DENVER — Voting system passwords were mistakenly put on the Colorado Secretary of State’s website before being spotted and taken down, but the lapse did not pose an immediate threat to the upcoming election, said state election officials Tuesday.
The passwords were one of two that are needed to access Colorado’s voting systems, and are just one part of a layered security system, said Jack Todd, spokesperson for the the Secretary of State’s office, in a statement. Those passwords alone wouldn’t allow someone access to a voting system.
Colorado’s top elections official, Democratic Secretary of State Jena Griswold, frequently calls Colorado the gold standard for election security. However, she has been criticized by the chairman of the Colorado Republican Party amid heightened scrutiny over election systems in the United States.
Election officials learned last week that the spreadsheet, which held the passwords in a hidden tab, was available online, just days out from the Nov. 5 election. Once the lapse was discovered, Todd said, the department took immediate action, informed the Cybersecurity and Infrastructure Security Agency, and is working to remedy the situation where necessary.
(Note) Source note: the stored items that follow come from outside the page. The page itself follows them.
lemma powser_inverse:
  fixes c :: "nat \<Rightarrow> 'd::banach \<Rightarrow>\<^sub>L 'x::banach" and G :: "'x \<Rightarrow>\<^sub>L 'd"
  assumes G: "\<And>x. blinfun_apply (c 0) (blinfun_apply G x) = x"
    and "summable (\<lambda>n. norm (h^n *\<^sub>R c n))" "summable (\<lambda>n. norm (h^n *\<^sub>R inverse_coeffs G c n))"
  shows "(\<Sum>n. h^n *\<^sub>R c n) o\<^sub>L (\<Sum>n. h^n *\<^sub>R inverse_coeffs G c n) = id_blinfun"
proof -
  let ?g = "inverse_coeffs G c"
  have "(\<lambda>n. \<Sum>i\<le>n. h^i *\<^sub>R c i o\<^sub>L h^(n - i) *\<^sub>R ?g (n - i))
      sums ((\<Sum>n. h^n *\<^sub>R c n) o\<^sub>L (\<Sum>n. h^n *\<^sub>R ?g n))"
    using assms(2,3) by (rule Cauchy_product_sums_bilinear[OF bounded_bilinear_blinfun_compose])
  moreover have "(\<Sum>i\<le>n. h^i *\<^sub>R c i o\<^sub>L h^(n - i) *\<^sub>R ?g (n - i)) = (if n = 0 then id_blinfun else 0)" for n
  proof -
    have "(\<Sum>i\<le>n. h^i *\<^sub>R c i o\<^sub>L h^(n - i) *\<^sub>R ?g (n - i)) = h^n *\<^sub>R (\<Sum>i\<le>n. c i o\<^sub>L ?g (n - i))"
      unfolding scaleR_sum_right
    proof (rule sum.cong[OF refl])
      fix i assume "i \<in> {..n}"
      then have "h^(n - i) * h^i = h^n"
        by (simp flip: power_add)
      then show "h^i *\<^sub>R c i o\<^sub>L h^(n - i) *\<^sub>R ?g (n - i) = h^n *\<^sub>R (c i o\<^sub>L ?g (n - i))"
        by (simp add: bounded_bilinear.scaleR_left[OF bounded_bilinear_blinfun_compose]
            bounded_bilinear.scaleR_right[OF bounded_bilinear_blinfun_compose])
    qed
    then show ?thesis
      by (simp add: Cauchy_product_inverse_coeffs[of c G, OF G])
  qed
  ultimately have "(\<lambda>n. if n = 0 then id_blinfun else 0) sums ((\<Sum>n. h^n *\<^sub>R c n) o\<^sub>L (\<Sum>n. h^n *\<^sub>R ?g n))"
    by simp
  then show ?thesis
    using sums_single[of 0 "\<lambda>_. id_blinfun :: 'x \<Rightarrow>\<^sub>L 'x"] sums_unique2 by fastforce
qed

lemma real_analytic_inverse:
  fixes A :: "real \<Rightarrow> 'd::complex_banach \<Rightarrow>\<^sub>L 'x::complex_banach" and Ainv :: "real \<Rightarrow> 'x \<Rightarrow>\<^sub>L 'd"
  assumes "interval_expansion A \<epsilon> c" and clin: "\<And>t n. t \<in> {0..1} \<Longrightarrow> clin (c t n)"
    and left: "\<And>t d. t \<in> {0..1} \<Longrightarrow> Ainv t (A t d) = d"
    and right: "\<And>t x. t \<in> {0..1} \<Longrightarrow> A t (Ainv t x) = x"
    and clin_inv: "\<And>t. t \<in> {0..1} \<Longrightarrow> clin (Ainv t)"
  shows "real_analytic_into clin {0..1} Ainv"
  unfolding real_analytic_into_def
proof
  interpret interval_expansion A \<epsilon> c by fact
  fix t\<^sub>0 :: real assume t\<^sub>0: "t\<^sub>0 \<in> {0..1}"
  define C where "C = (\<Sum>n. \<epsilon>^n * norm (c t\<^sub>0 n))"
  have C: "C \<ge> 0"
    unfolding C_def using eps_pos by (intro suminf_nonneg[OF summable_coeffs[OF t\<^sub>0]]) simp
  let ?\<rho> = "\<epsilon> / (2 * (1 + norm (Ainv t\<^sub>0) * C))"
  let ?g = "inverse_coeffs (Ainv t\<^sub>0) (c t\<^sub>0)"
  have G: "c t\<^sub>0 0 (Ainv t\<^sub>0 x) = x" for x
    using right[OF t\<^sub>0] by (simp add: coeff_zero[OF t\<^sub>0])
  show "\<exists>e>0. \<exists>g. (\<forall>n. clin (g n)) \<and> (\<forall>t\<in>{0..1}. \<bar>t - t\<^sub>0\<bar> < e \<longrightarrow>
      summable (\<lambda>n. \<bar>t - t\<^sub>0\<bar>^n * norm (g n)) \<and> (\<lambda>n. (t - t\<^sub>0)^n *\<^sub>R g n) sums Ainv t)"
  proof (intro exI conjI allI ballI impI)
    show "?\<rho> > 0"
      using eps_pos C by (simp add: add_pos_nonneg)
    show "clin (?g n)" for n
      using clin_inv[OF t\<^sub>0] clin[OF t\<^sub>0] by (rule clin_inverse_coeffs)
    fix t assume t: "t \<in> {0..1}" and close: "\<bar>t - t\<^sub>0\<bar> < ?\<rho>"
    show summable: "summable (\<lambda>n. \<bar>t - t\<^sub>0\<bar>^n * norm (?g n))"
      using close unfolding C_def by (intro summable_inverse_coeffs[OF summable_coeffs[OF t\<^sub>0] eps_pos]) simp
    have "?\<rho> \<le> \<epsilon> / 2"
      using eps_pos C by (intro divide_left_mono) (auto intro: add_pos_nonneg)
    then have "\<bar>t - t\<^sub>0\<bar> < \<epsilon>"
      using close eps_pos by linarith
    then have A_t: "(\<Sum>n. (t - t\<^sub>0)^n *\<^sub>R c t\<^sub>0 n) = A t"
      and summable_c: "summable (\<lambda>n. norm ((t - t\<^sub>0)^n *\<^sub>R c t\<^sub>0 n))"
      using expansion[OF t\<^sub>0] t summable_powser_norm_mono[OF summable_coeffs[OF t\<^sub>0], of "\<bar>t - t\<^sub>0\<bar>"]
      unfolding local_expansion_def by (simp_all add: scaleC_of_real_power power_abs del: of_real_diff)
    have summable': "summable (\<lambda>n. norm ((t - t\<^sub>0)^n *\<^sub>R ?g n))"
      using summable by (simp add: power_abs)
    have "A t o\<^sub>L (\<Sum>n. (t - t\<^sub>0)^n *\<^sub>R ?g n) = id_blinfun"
      using powser_inverse[of "c t\<^sub>0" "Ainv t\<^sub>0" "t - t\<^sub>0", OF G summable_c summable'] A_t by simp
    then have "A t ((\<Sum>n. (t - t\<^sub>0)^n *\<^sub>R ?g n) x) = x" for x
      by (metis blinfun_apply_blinfun_compose blinfun_apply_id_blinfun)
    then have "(\<Sum>n. (t - t\<^sub>0)^n *\<^sub>R ?g n) = Ainv t"
      by (intro blinfun_eqI) (metis left[OF t])
    then show "(\<lambda>n. (t - t\<^sub>0)^n *\<^sub>R ?g n) sums Ainv t"
      using summable_sums[OF summable_norm_cancel[OF summable']] by simp
  qed
qed

lemma in_S_inverse:
  fixes j T :: "'d::complex_banach \<Rightarrow>\<^sub>L 'x::complex_banach"
  assumes S: "in_S j M r \<theta> T" and zero: "0 \<in> sector r \<theta>"
  shows "\<exists>S. (\<forall>d. blinfun_apply S (T d) = d) \<and> (\<forall>x. T (blinfun_apply S x) = x) \<and> clin S"
proof -
  obtain K where K: "\<And>d. norm d \<le> K * norm (T d)"
    using in_S_bounded_below(2)[OF S zero] by blast
  have "clin T"
    using S unfolding in_S_def closed_op_dom_def by blast
  from invertible_blinfun[OF in_S_bounded_below(1)[OF S zero] K this] show ?thesis
    by metis
qed

lemma real_analytic_inverse_exists:
  fixes j :: "'d::complex_banach \<Rightarrow>\<^sub>L 'x::complex_banach" and A :: "real \<Rightarrow> 'd \<Rightarrow>\<^sub>L 'x"
  assumes ie: "interval_expansion A \<epsilon> c" and clin: "\<And>t n. t \<in> {0..1} \<Longrightarrow> clin (c t n)"
    and A_S: "\<And>t. t \<in> {0..1} \<Longrightarrow> in_S j M r \<theta> (A t)" and zero: "0 \<in> sector r \<theta>"
  shows "\<exists>Ainv :: real \<Rightarrow> ('x \<Rightarrow>\<^sub>L 'd).
    (\<forall>t\<in>{0..1}. (\<forall>d. blinfun_apply (Ainv t) (A t d) = d) \<and> (\<forall>x. A t (blinfun_apply (Ainv t) x) = x))
    \<and> real_analytic_into clin {0..1} Ainv"
proof -
  have "\<forall>t\<in>{0..1}. \<exists>S. (\<forall>d. blinfun_apply S (A t d) = d) \<and> (\<forall>x. A t (blinfun_apply S x) = x) \<and> clin S"
    using in_S_inverse[OF A_S zero] by blast
  from bchoice[OF this] obtain Ainv :: "real \<Rightarrow> 'x \<Rightarrow>\<^sub>L 'd"
    where Ainv: "\<forall>t\<in>{0..1}. (\<forall>d. Ainv t (A t d) = d) \<and> (\<forall>x. A t (Ainv t x) = x) \<and> clin (Ainv t)"
    by blast
  moreover have "real_analytic_into clin {0..1} Ainv"
    by (rule real_analytic_inverse[OF ie clin]) (use Ainv in auto)
  ultimately show ?thesis
    by blast
qed

theorem lemma2:
  fixes j :: "'d::complex_banach \<Rightarrow>\<^sub>L 'x::complex_banach"
    and A :: "real \<Rightarrow> ('d \<Rightarrow>\<^sub>L 'x)"
    and M r \<theta> :: real
  assumes j_inj: "inj (blinfun_apply j)" and j_clin: "clin j"
    and A_closed: "\<forall>t\<in>{0..1}. closed_op_dom j (A t)"
    and A_analytic: "real_analytic_into clin {0..1} A"
    and M_pos: "M > 0" and r_neg: "r < 0" and theta: "0 < \<theta>" "\<theta> < pi / 2"
    and A_S: "\<forall>t\<in>{0..1}. in_S j M r \<theta> (A t)"
  shows "(\<exists>U B. convex U \<and> open U \<and> complex_of_real ` {0..1} \<subseteq> U \<and>
            (\<forall>t\<in>{0..1}. B (complex_of_real t) = A t) \<and>
            complex_analytic_op U B \<and>
            (\<forall>z\<in>U. in_S j (2 * M) r \<theta> (B z)))
       \<and> (\<exists>Ainv :: real \<Rightarrow> ('x \<Rightarrow>\<^sub>L 'd).
            (\<forall>t\<in>{0..1}. (\<forall>d. blinfun_apply (Ainv t) (blinfun_apply (A t) d) = d) \<and>
                         (\<forall>x. blinfun_apply (A t) (blinfun_apply (Ainv t) x) = x)) \<and>
            real_analytic_into clin {0..1} Ainv)"
proof -
  obtain \<epsilon> c where \<epsilon>: "\<epsilon> > 0" and clin: "\<And>t n. t \<in> {0..1} \<Longrightarrow> clin (c t n)"
    and expansion: "\<And>t. t \<in> {0..1} \<Longrightarrow> local_expansion A t \<epsilon> (c t)"
    by (rule uniform_local_expansions[OF A_analytic]) (rule that)
  have ie: "interval_expansion A \<epsilon> c"
    using \<epsilon> expansion by unfold_locales
  have zero: "0 \<in> sector r \<theta>"
    using r_neg theta by (intro zero_in_sector) auto
  have "\<And>t. t \<in> {0..1} \<Longrightarrow> in_S j M r \<theta> (A t)"
    using A_S by blast
  with extension_in_S[OF ie clin less_imp_le[OF M_pos] _ zero] real_analytic_inverse_exists[OF ie clin _ zero]
  show ?thesis
    by blast
qed

end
The executive director of the Colorado Clerks Association, Matt Crane, told 9News that while the lapse was concerning, the association was satisfied with the Colorado Secretary of State’s response.
“The truth is, is this a concern? Yes,” Crane said. “Is it being mitigated? Yes.”
The passwords in the spreadsheet, which are one half of what’s required to access voting systems, can only be used in-person. Colorado law requires that election equipment is surveilled and stored in secure rooms — access to which is guarded, tracked and logged. Colorado voters fill out paper ballots, which are audited after the election.
Chairman of the Colorado GOP, Dave Williams, sent a letter to the department Tuesday demanding that, among other things, the secretary of state confirm that the exposed passwords have since been changed.
Earlier this month, a Colorado county clerk, Tina Peters, was sentenced to nine years behind bars for a data-breach scheme based in false claims about voting machine fraud in the 2020 presidential race. Peters was found guilty by a jury of allowing a man to misuse a security card to access a county election system and for being deceptive about that person’s identity.